A interpretação daqueles conceitos deverá ser efetuada tendo por referência o disposto no artigo 11.º da Lei Geral Tributária (LGT).

Nos termos do n.º 2 do artigo 11º da LGT “sempre que, nas normas fiscais, se empreguem termos próprios de outros ramos de direito, devem os mesmos ser interpretados no mesmo sentido daquele que aí têm, salvo se outro decorrer diretamente da lei”.

Para interpretar aquele conceito, devemos ainda atender ao anterior Regime do Arrendamento Urbano e ao Código Civil que, no artigo 9.º n.º 3, refere que “na fixação do sentido e alcance da lei, o intérprete presumirá que o legislador consagrou as soluções mais acertadas e soube exprimir o seu pensamento em termos adequados”.

Tendo em conta esta disposição, o facto do Código do IRS não distinguir o tipo de despesas de conservação que deverão ser dedutíveis, permite-se que todo o tipo de despesas de conservação previstas nos vários ramos de Direito, tais como as despesas de conservação ordinárias e extraordinárias sejam dedutíveis para efeitos fiscais.

Por outro lado, e uma vez que o Código do IRS não faculta qualquer definição de despesas de conservação, importa atender, ao disposto no artigo 11.º do Regime do Arrendamento Urbano (RAU), ainda que entretanto revogado.[1]

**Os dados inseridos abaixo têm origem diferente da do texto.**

lemma C_sp_pivot_pairs:
  assumes "ord \<in> C_sp n" "k < tri n"
  shows "ord ! k \<in> pivot_pairs n"
proof -
  have "length ord = tri n \<and> set ord \<subseteq> pivot_pairs n"
    using assms(1) C_c_column_cyclic C_c_pivot_pairs C_r_reflect[THEN C_c_column_cyclic] C_r_pivot_pairs
    unfolding C_sp_def by fastforce
  then show ?thesis using assms(2) by auto
qed

lemma jacobi_sweep_offdiag_bounded:
  assumes A: "hermitian_mat n A" and ord: "ord \<in> C_sp n" and sweep: "jacobi_sweep n ord A A'"
  defines "c \<equiv> block_bound n n * sqrt ((off2 A - off2 A') / 2)"
  shows "offdiag_bounded n (\<lambda>r t. A $$ (r, t)) c \<or> offdiag_bounded n (\<lambda>r t. A' $$ (r, t)) c"
proof -
  let ?N = "tri n"
  note pairs = C_sp_pivot_pairs[OF ord]
  obtain B where B: "B 0 = (\<lambda>r t. A $$ (r, t))" "B ?N = (\<lambda>r t. A' $$ (r, t))"
    and trace: "rotation_trace n ?N B (nth ord) (sqrt ((off2 A - off2 A') / 2))"
    using jacobi_sweep_rotation_trace(3)[OF A sweep pairs] by blast
  have p: "0 \<le> sqrt ((off2 A - off2 A') / 2)" using jacobi_sweep_rotation_trace(2)[OF A sweep pairs] by simp
  have forward: "offdiag_bounded n (\<lambda>r t. A' $$ (r, t)) c"
    if "d \<in> C_c n" "(\<forall>k<?N. ord ! k = d ! k) \<or> (\<forall>k<?N. reflect_pair n (ord ! k) = d ! k)" for d
    using rotation_trace_C_c_offdiag_bounded[OF trace p that] B by (simp add: c_def)
  \<comment> \<open>Read backwards in time, a reversed ordering is a forward one, and the bound concerns A.\<close>
  have backward: "offdiag_bounded n (\<lambda>r t. A $$ (r, t)) c"
    if "d \<in> C_c n" "(\<forall>k<?N. ord ! (?N - Suc k) = d ! k) \<or> (\<forall>k<?N. reflect_pair n (ord ! (?N - Suc k)) = d ! k)"
    for d
    using rotation_trace_C_c_offdiag_bounded[OF rotation_trace_reverse[OF trace, of "\<lambda>k. ord ! (?N - Suc k)"] p that] B
    by (simp add: c_def)
  from ord consider "ord \<in> C_c n" | d where "d \<in> C_c n" "ord = rev d"
    | "ord \<in> C_r n" | d where "d \<in> C_r n" "ord = rev d"
    unfolding C_sp_def by blast
  then show ?thesis
  proof cases
    case 1
    then show ?thesis using forward by blast
  next
    case (2 d)
    then have "ord ! (?N - Suc k) = d ! k" if "k < ?N" for k
      using C_c_column_cyclic[OF 2(1)] that by (simp add: rev_nth)
    then show ?thesis using backward[OF 2(1)] by blast
  next
    case 3
    then have "reflect_pair n (ord ! k) = map (reflect_pair n) ord ! k" if "k < ?N" for k
      using C_c_column_cyclic[OF C_r_reflect] that by simp
    then show ?thesis using forward[OF C_r_reflect[OF 3]] by blast
  next
    case (4 d)
    then have "reflect_pair n (ord ! (?N - Suc k)) = map (reflect_pair n) d ! k" if "k < ?N" for k
      using C_c_column_cyclic[OF C_r_reflect[OF 4(1)]] that by (simp add: rev_nth)
    then show ?thesis using backward[OF C_r_reflect[OF 4(1)]] by blast
  qed
qed

lemma contraction_of_energy_gap:
  fixes x y D :: real
  assumes "0 \<le> D" "y \<le> x" "x \<le> D * ((x - y) / 2) \<or> y \<le> D * ((x - y) / 2)"
  shows "y \<le> D / (D + 2) * x"
proof -
  have "(D + 2) * y \<le> D * x" using assms by (auto simp: algebra_simps)
  then show ?thesis using assms(1) by (simp add: field_simps)
qed

theorem corollary3p4:
  fixes n :: nat
  assumes "n \<ge> 2"
  shows "\<exists>\<gamma>::real. 0 \<le> \<gamma> \<and> \<gamma> < 1 \<and>
           (\<forall>A ord A'. hermitian_mat n A \<longrightarrow> ord \<in> C_sp n \<longrightarrow> jacobi_sweep n ord A A' \<longrightarrow>
              off2 A' \<le> \<gamma> * off2 A)"
proof -
  define D where "D = (real n * block_bound n n)\<^sup>2"
  have D: "0 \<le> D" by (simp add: D_def)
  show ?thesis
  proof (intro exI[of _ "D / (D + 2)"] conjI allI impI)
    show "0 \<le> D / (D + 2)" "D / (D + 2) < 1" using D by simp_all
    fix A ord A' assume A: "hermitian_mat n A" and ord: "ord \<in> C_sp n" and sweep: "jacobi_sweep n ord A A'"
    note sweep_facts = jacobi_sweep_rotation_trace[OF A sweep C_sp_pivot_pairs[OF ord]]
    have carrier: "A \<in> carrier_mat n n" "A' \<in> carrier_mat n n"
      using A sweep_facts(1) by (simp_all add: hermitian_mat_def)
    define S where "S = (off2 A - off2 A') / 2"
    have "(real n * (block_bound n n * sqrt S))\<^sup>2 = D * S"
      using sweep_facts(2) by (simp add: S_def D_def power_mult_distrib)
    then have "off2 A \<le> D * S \<or> off2 A' \<le> D * S"
      using jacobi_sweep_offdiag_bounded[OF A ord sweep] off2_le_offdiag_bounded carrier
      unfolding S_def by metis
    then show "off2 A' \<le> D / (D + 2) * off2 A"
      using contraction_of_energy_gap[OF D sweep_facts(2)] by (simp add: S_def)
  qed
qed

end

O Regime do Arrendamento Urbano, no artigo 11.º, dispunha que “nos prédios urbanos e, para efeitos do presente diploma, podem ter lugar obras de conservação ordinária, obras de conservação extraordinária (…);

(ii) são obras de conservação ordinária:

a) a reparação e limpeza geral do prédio e suas dependências;

b) as obras impostas pela Administração Pública, nos termos da lei geral ou local aplicável, e que visem conferir ao prédio as características apresentadas aquando da concessão da licença de utilização;

c) em geral as obras destinadas a manter o prédio nas condições requeridas pelo fim do contrato e existentes à data da sua celebração.

(iii) são obras de conservação extraordinárias ocasionadas por defeito de construção do prédio ou por caso fortuito ou de força maior e, em geral, as que não sendo imputadas a ações ou omissões ilícitas perpetuadas pelo senhorio, ultrapassem, no ano em que se tornem necessárias, dois terços do rendimento líquido desse mesmo ano (…)”.

A este propósito, a decisão arbitral no processo n.º 435/2014-T concluiu que as despesas de conservação “são aquelas que dizem respeito ao estado e funcionamento do edifício em si, e que não se incluem no conceito de despesas de manutenção, como obras de reparação, gerais, periódicas, e, incluindo aquelas que mantenham ou aumentem o valor do edifício, e acrescentem novas mais valias, tais como piscinas, ginásios, elevadores, entre outras, e em especial as que confiram um nível de habitabilidade idêntico ao existente à data da celebração do contrato de arrendamento”.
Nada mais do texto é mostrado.